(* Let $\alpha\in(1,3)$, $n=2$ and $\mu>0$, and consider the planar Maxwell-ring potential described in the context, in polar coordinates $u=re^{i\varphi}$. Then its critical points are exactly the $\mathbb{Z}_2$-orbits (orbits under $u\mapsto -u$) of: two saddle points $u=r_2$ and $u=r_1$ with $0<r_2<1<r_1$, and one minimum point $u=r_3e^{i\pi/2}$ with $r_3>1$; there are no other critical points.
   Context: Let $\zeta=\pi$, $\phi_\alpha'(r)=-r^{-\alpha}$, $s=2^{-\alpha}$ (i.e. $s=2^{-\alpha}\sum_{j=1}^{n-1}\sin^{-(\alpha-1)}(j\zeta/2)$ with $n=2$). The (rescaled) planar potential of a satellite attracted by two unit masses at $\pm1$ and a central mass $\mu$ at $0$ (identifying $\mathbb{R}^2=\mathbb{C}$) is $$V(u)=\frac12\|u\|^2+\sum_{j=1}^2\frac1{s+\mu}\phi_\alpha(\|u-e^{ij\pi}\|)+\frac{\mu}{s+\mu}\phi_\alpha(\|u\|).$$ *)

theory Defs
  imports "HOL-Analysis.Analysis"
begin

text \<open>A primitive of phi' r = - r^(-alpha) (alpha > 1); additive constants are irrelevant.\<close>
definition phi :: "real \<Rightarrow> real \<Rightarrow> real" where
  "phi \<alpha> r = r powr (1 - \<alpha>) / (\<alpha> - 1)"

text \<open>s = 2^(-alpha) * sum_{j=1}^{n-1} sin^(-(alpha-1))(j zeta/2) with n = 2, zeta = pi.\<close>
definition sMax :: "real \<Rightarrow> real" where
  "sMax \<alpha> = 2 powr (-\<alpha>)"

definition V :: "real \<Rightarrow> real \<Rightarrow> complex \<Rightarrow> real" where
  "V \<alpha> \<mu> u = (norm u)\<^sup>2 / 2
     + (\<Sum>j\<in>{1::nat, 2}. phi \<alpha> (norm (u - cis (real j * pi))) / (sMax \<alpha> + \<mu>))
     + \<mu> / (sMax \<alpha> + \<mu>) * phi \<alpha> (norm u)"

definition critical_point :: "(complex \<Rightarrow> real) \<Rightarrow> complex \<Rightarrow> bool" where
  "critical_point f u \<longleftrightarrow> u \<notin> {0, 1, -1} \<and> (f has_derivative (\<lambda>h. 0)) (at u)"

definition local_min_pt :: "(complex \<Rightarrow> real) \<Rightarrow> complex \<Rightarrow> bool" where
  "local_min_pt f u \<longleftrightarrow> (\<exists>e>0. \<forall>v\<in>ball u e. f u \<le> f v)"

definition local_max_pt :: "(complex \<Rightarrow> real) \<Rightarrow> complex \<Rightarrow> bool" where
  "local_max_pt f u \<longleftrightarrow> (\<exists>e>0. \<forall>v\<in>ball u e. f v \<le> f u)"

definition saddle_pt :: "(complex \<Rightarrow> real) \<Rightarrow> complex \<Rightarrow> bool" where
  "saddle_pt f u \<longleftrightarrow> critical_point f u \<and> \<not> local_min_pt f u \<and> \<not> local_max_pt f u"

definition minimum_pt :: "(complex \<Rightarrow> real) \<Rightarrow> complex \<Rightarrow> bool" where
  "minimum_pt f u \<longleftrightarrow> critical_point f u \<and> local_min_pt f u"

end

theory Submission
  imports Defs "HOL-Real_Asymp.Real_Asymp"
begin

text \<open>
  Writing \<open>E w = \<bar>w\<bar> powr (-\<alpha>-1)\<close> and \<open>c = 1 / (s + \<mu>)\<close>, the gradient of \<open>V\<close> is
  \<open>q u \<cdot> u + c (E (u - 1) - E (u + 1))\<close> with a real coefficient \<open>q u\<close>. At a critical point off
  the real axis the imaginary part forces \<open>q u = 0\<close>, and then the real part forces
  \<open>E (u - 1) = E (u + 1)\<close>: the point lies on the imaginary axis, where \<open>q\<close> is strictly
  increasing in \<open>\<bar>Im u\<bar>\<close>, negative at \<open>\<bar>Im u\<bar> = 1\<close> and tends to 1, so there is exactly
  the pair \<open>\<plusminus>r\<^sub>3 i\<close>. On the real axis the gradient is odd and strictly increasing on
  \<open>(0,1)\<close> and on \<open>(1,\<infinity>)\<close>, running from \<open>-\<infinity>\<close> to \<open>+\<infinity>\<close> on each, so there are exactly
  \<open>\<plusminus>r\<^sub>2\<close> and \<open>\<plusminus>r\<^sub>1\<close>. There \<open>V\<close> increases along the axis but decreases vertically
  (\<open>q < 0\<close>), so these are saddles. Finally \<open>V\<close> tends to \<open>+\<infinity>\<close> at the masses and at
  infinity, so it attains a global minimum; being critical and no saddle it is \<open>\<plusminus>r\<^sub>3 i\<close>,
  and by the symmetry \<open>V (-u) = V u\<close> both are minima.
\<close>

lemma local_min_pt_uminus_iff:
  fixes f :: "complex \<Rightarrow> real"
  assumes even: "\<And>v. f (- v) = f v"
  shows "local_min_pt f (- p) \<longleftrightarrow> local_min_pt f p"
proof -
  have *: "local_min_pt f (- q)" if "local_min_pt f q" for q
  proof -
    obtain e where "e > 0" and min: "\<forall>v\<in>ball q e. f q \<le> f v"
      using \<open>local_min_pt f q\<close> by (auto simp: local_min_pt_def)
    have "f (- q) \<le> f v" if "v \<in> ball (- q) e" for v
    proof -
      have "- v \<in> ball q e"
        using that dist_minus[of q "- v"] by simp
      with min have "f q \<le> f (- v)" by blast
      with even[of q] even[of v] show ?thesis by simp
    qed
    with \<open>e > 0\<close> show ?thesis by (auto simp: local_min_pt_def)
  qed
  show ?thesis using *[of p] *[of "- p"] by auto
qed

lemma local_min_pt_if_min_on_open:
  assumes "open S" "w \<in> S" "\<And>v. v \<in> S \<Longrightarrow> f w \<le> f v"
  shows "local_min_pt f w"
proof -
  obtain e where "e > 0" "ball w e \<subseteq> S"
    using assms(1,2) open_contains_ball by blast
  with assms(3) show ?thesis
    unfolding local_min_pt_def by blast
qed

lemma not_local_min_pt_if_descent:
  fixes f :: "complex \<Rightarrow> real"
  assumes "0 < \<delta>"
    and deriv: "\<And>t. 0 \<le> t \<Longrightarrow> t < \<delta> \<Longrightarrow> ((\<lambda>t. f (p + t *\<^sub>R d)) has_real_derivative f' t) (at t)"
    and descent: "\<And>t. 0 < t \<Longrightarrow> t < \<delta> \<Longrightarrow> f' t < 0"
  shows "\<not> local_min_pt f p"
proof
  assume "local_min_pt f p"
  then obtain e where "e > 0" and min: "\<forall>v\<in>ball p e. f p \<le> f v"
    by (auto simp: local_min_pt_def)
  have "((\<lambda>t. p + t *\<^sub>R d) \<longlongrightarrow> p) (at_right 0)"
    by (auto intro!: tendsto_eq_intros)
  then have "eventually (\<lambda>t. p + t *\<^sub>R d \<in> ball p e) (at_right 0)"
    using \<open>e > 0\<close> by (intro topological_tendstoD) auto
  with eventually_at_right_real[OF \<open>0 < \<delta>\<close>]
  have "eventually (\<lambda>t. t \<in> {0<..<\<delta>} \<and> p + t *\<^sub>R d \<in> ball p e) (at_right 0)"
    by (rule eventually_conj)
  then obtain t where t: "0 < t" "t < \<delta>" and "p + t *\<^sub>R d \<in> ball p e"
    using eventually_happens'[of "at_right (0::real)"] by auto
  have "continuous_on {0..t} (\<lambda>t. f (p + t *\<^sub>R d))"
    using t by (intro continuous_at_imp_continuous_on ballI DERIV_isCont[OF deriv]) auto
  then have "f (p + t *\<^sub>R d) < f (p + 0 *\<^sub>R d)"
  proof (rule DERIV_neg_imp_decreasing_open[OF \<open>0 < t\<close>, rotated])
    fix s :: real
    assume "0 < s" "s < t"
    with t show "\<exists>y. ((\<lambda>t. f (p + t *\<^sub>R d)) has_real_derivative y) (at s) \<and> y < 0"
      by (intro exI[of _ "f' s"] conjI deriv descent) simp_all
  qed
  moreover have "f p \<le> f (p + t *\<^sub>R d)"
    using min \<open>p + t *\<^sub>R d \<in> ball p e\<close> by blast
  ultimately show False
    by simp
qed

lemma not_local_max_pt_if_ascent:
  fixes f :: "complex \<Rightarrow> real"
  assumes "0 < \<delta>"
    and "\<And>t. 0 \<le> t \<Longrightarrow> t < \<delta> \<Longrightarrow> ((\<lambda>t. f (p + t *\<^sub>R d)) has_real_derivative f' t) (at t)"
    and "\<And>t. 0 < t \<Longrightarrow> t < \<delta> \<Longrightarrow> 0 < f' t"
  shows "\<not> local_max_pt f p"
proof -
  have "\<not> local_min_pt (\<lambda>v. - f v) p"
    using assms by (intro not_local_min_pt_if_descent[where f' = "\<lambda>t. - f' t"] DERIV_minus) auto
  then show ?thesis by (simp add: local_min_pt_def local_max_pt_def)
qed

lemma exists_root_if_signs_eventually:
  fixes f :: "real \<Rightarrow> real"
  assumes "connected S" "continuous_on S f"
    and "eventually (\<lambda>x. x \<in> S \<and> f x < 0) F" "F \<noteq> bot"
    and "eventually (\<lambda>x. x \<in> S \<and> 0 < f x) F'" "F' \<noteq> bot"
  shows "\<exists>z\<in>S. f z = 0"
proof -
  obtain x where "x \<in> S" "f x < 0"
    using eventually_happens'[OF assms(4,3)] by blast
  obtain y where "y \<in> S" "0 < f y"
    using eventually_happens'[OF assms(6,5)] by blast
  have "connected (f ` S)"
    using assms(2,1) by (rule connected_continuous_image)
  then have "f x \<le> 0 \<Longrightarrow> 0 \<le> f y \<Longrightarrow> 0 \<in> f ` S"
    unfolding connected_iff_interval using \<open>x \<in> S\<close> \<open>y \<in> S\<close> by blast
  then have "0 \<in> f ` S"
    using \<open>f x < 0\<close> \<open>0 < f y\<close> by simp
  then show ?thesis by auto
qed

***

Say how many lines in the records contain the word "longleftrightarrow". Nothing but the number is required.

6